- **What to do**:
State how many lines in the following entries contain the word "triangle". No other output.

Collected data
(* If a finite simple graph $H$ has no odd cycle of length greater than $3$, then $H$ is a weak König–Egerváry graph.
   Context: A graph $H$ is a weak König–Egerváry graph if $H$ has a matching $M$ and a vertex set $Q \subseteq V(H)$ with $|Q| \leq |M|$ such that $Q$ is a vertex cover of $H - M$ (every edge of $H$ not in $M$ has an endpoint in $Q$). *)

theory Defs
  imports Main
begin

definition simple_graph :: "'a set \<Rightarrow> 'a set set \<Rightarrow> bool" where
  "simple_graph V E \<longleftrightarrow> finite V \<and>
     (\<forall>e\<in>E. \<exists>u v. e = {u, v} \<and> u \<noteq> v \<and> u \<in> V \<and> v \<in> V)"

definition matching :: "'a set set \<Rightarrow> 'a set set \<Rightarrow> bool" where
  "matching E M \<longleftrightarrow> M \<subseteq> E \<and> (\<forall>e\<in>M. \<forall>f\<in>M. e \<noteq> f \<longrightarrow> e \<inter> f = {})"

definition covers :: "'a set \<Rightarrow> 'a set set \<Rightarrow> bool" where
  "covers Q F \<longleftrightarrow> (\<forall>e\<in>F. e \<inter> Q \<noteq> {})"

definition weak_KE :: "'a set \<Rightarrow> 'a set set \<Rightarrow> bool" where
  "weak_KE V E \<longleftrightarrow> (\<exists>M Q. matching E M \<and> Q \<subseteq> V \<and> card Q \<le> card M \<and> covers Q (E - M))"

definition is_cycle :: "'a set \<Rightarrow> 'a set set \<Rightarrow> 'a list \<Rightarrow> bool" where
  "is_cycle V E vs \<longleftrightarrow> length vs \<ge> 3 \<and> distinct vs \<and> set vs \<subseteq> V \<and>
     (\<forall>i < length vs. {vs ! i, vs ! ((i + 1) mod length vs)} \<in> E)"

end

theory Submission
  imports Defs
begin

text \<open>
  Induction on the number of vertices, for a fixed maximum matching M. If some vertex v is
  covered by every maximum matching, deleting v lowers the matching number by one, and v together
  with a cover for G - v does the job. Otherwise every vertex is exposed by some maximum matching.
  Then, if x is exposed by M and its neighbour y by another maximum matching, the M-mate of y is
  adjacent to x: an M-alternating path from y to an M-exposed vertex either extends through x to
  an augmenting path or closes an odd cycle through x, which has to be a triangle. Applied along a
  longest path x0 x1 x2 ..., this forces x0 and x1 to have degree two and to span a triangle with
  x2. Deleting x0 and x1 again lowers the matching number by one, and the triangle vertex not on
  the unique matching edge at x0, x1 covers the remaining edges there.
\<close>

definition no_long_odd_cycles :: "'a set \<Rightarrow> 'a set set \<Rightarrow> bool" where
  "no_long_odd_cycles V E \<longleftrightarrow> \<not> (\<exists>vs. is_cycle V E vs \<and> odd (length vs) \<and> length vs > 3)"

definition max_matching :: "'a set set \<Rightarrow> 'a set set \<Rightarrow> bool" where
  "max_matching E M \<longleftrightarrow> matching E M \<and> (\<forall>M'. matching E M' \<longrightarrow> card M' \<le> card M)"

definition edges_avoiding :: "'a set \<Rightarrow> 'a set set \<Rightarrow> 'a set set" where
  "edges_avoiding S E = {e \<in> E. e \<inter> S = {}}"

fun walk :: "'a set set \<Rightarrow> 'a list \<Rightarrow> bool" where
  "walk E (x # y # p) \<longleftrightarrow> {x, y} \<in> E \<and> walk E (y # p)"
| "walk E _ \<longleftrightarrow> True"

fun pairwise_matched :: "'a set set \<Rightarrow> 'a list \<Rightarrow> bool" where
  "pairwise_matched M (x # y # p) \<longleftrightarrow> {x, y} \<in> M \<and> pairwise_matched M p"
| "pairwise_matched M _ \<longleftrightarrow> True"

lemma walk_Cons: "walk E (x # p) \<longleftrightarrow> walk E p \<and> (p \<noteq> [] \<longrightarrow> {x, hd p} \<in> E)"
  by (cases p) auto

lemma walk_iff_nth: "walk E p \<longleftrightarrow> (\<forall>i. Suc i < length p \<longrightarrow> {p ! i, p ! Suc i} \<in> E)"
proof (induction E p rule: walk.induct)
  case (1 E x y p)
  then show ?case by (auto simp: less_Suc_eq_0_disj)
qed auto

lemma walk_drop: "walk E p \<Longrightarrow> walk E (drop n p)"
  by (simp add: walk_iff_nth)

lemma walk_take: "walk E p \<Longrightarrow> walk E (take n p)"
  by (simp add: walk_iff_nth)

lemma simple_graph_edgeD: "simple_graph V E \<Longrightarrow> {a, b} \<in> E \<Longrightarrow> a \<noteq> b \<and> a \<in> V \<and> b \<in> V"
  unfolding simple_graph_def by (fastforce simp: doubleton_eq_iff)

lemma walk_set: "simple_graph V E \<Longrightarrow> walk E p \<Longrightarrow> 2 \<le> length p \<Longrightarrow> set p \<subseteq> V"
proof (induction E p rule: walk.induct)
  case (1 E x y p)
  then show ?case using simple_graph_edgeD[of V E x y] by (cases p) auto
qed auto

lemma simple_graph_edge_other:
  "simple_graph V E \<Longrightarrow> e \<in> E \<Longrightarrow> x \<in> e \<Longrightarrow> \<exists>y. e = {x, y} \<and> x \<noteq> y"
  unfolding simple_graph_def by auto

lemma simple_graph_finite_edges:
  assumes "simple_graph V E" shows "finite E"
proof -
  have "E \<subseteq> Pow V" "finite V" using assms unfolding simple_graph_def by auto
  then show ?thesis using finite_subset by auto
qed

lemma simple_graph_edges_avoiding:
  assumes "simple_graph V E" shows "simple_graph (V - S) (edges_avoiding S E)"
  unfolding simple_graph_def
proof (intro conjI ballI)
  show "finite (V - S)" using assms unfolding simple_graph_def by simp
next
  fix e assume "e \<in> edges_avoiding S E"
  then have e: "e \<in> E" "e \<inter> S = {}" unfolding edges_avoiding_def by auto
  then obtain u v where "e = {u, v}" "u \<noteq> v" "u \<in> V" "v \<in> V"
    using assms unfolding simple_graph_def by blast
  then show "\<exists>u v. e = {u, v} \<and> u \<noteq> v \<and> u \<in> V - S \<and> v \<in> V - S"
    using e(2) by blast
qed

lemma is_cycle_mono: "is_cycle V' E' vs \<Longrightarrow> V' \<subseteq> V \<Longrightarrow> E' \<subseteq> E \<Longrightarrow> is_cycle V E vs"
  unfolding is_cycle_def by blast

lemma no_long_odd_cycles_edges_avoiding:
  "no_long_odd_cycles V E \<Longrightarrow> no_long_odd_cycles (V - S) (edges_avoiding S E)"
  unfolding no_long_odd_cycles_def
  using is_cycle_mono[of "V - S" "edges_avoiding S E" _ V E] by (auto simp: edges_avoiding_def)

lemma closed_walk_is_cycle:
  assumes "distinct q" "set q \<subseteq> V" "walk E q" "3 \<le> length q" "{last q, hd q} \<in> E"
  shows "is_cycle V E q"
  unfolding is_cycle_def
proof (intro conjI allI impI)
  fix i assume i: "i < length q"
  show "{q ! i, q ! ((i + 1) mod length q)} \<in> E"
  proof (cases "Suc i < length q")
    case True
    then show ?thesis using assms(3) by (simp add: walk_iff_nth)
  next
    case False
    then have "Suc i = length q" using i by simp
    moreover have "q \<noteq> []" using assms(4) by auto
    ultimately show ?thesis
      using assms(5) by (simp add: last_conv_nth hd_conv_nth flip: \<open>Suc i = length q\<close>)
  qed
qed (use assms in auto)

lemma odd_closed_walk_length:
  assumes "no_long_odd_cycles V E" "distinct q" "set q \<subseteq> V" "walk E q" "3 \<le> length q"
    "{last q, hd q} \<in> E" "odd (length q)"
  shows "length q = 3"
  using closed_walk_is_cycle[OF assms(2-6)] assms(1,5,7) unfolding no_long_odd_cycles_def by force

lemma path_chord_parity:
  assumes "no_long_odd_cycles V E" "distinct P" "set P \<subseteq> V" "walk E P"
    "i + 3 \<le> j" "j < length P" "{P ! j, P ! i} \<in> E"
  shows "odd (j - i)"
proof -
  define q where "q = drop i (take (Suc j) P)"
  have len: "length q = Suc j - i" unfolding q_def using assms(6) by simp
  have "hd q = P ! i" unfolding q_def using assms(5,6) by (simp add: hd_drop_conv_nth)
  moreover have "last q = P ! j" unfolding q_def using assms(5,6)
    by (simp add: last_conv_nth)
  moreover have "distinct q" unfolding q_def using assms(2) by simp
  moreover have "set q \<subseteq> V" unfolding q_def using assms(3)
    by (meson order_trans set_drop_subset set_take_subset)
  moreover have "walk E q" unfolding q_def using assms(4) by (simp add: walk_drop walk_take)
  ultimately have "{last q, hd q} \<in> E" using assms(7) by simp
  have "even (length q)"
  proof (rule ccontr)
    assume "odd (length q)"
    then have "length q = 3"
      using odd_closed_walk_length[OF assms(1) \<open>distinct q\<close> \<open>set q \<subseteq> V\<close> \<open>walk E q\<close> _
          \<open>{last q, hd q} \<in> E\<close>] len assms(5)
      by linarith
    then show False using len assms(5) by linarith
  qed
  then show ?thesis using len assms(5) by simp
qed

lemma pairwise_matched_unmatched_last:
  "pairwise_matched M p \<Longrightarrow> x \<in> set p \<Longrightarrow> x \<notin> \<Union>M \<Longrightarrow> x = last p"
  by (induction M p rule: pairwise_matched.induct) auto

- **Solved problem**:
3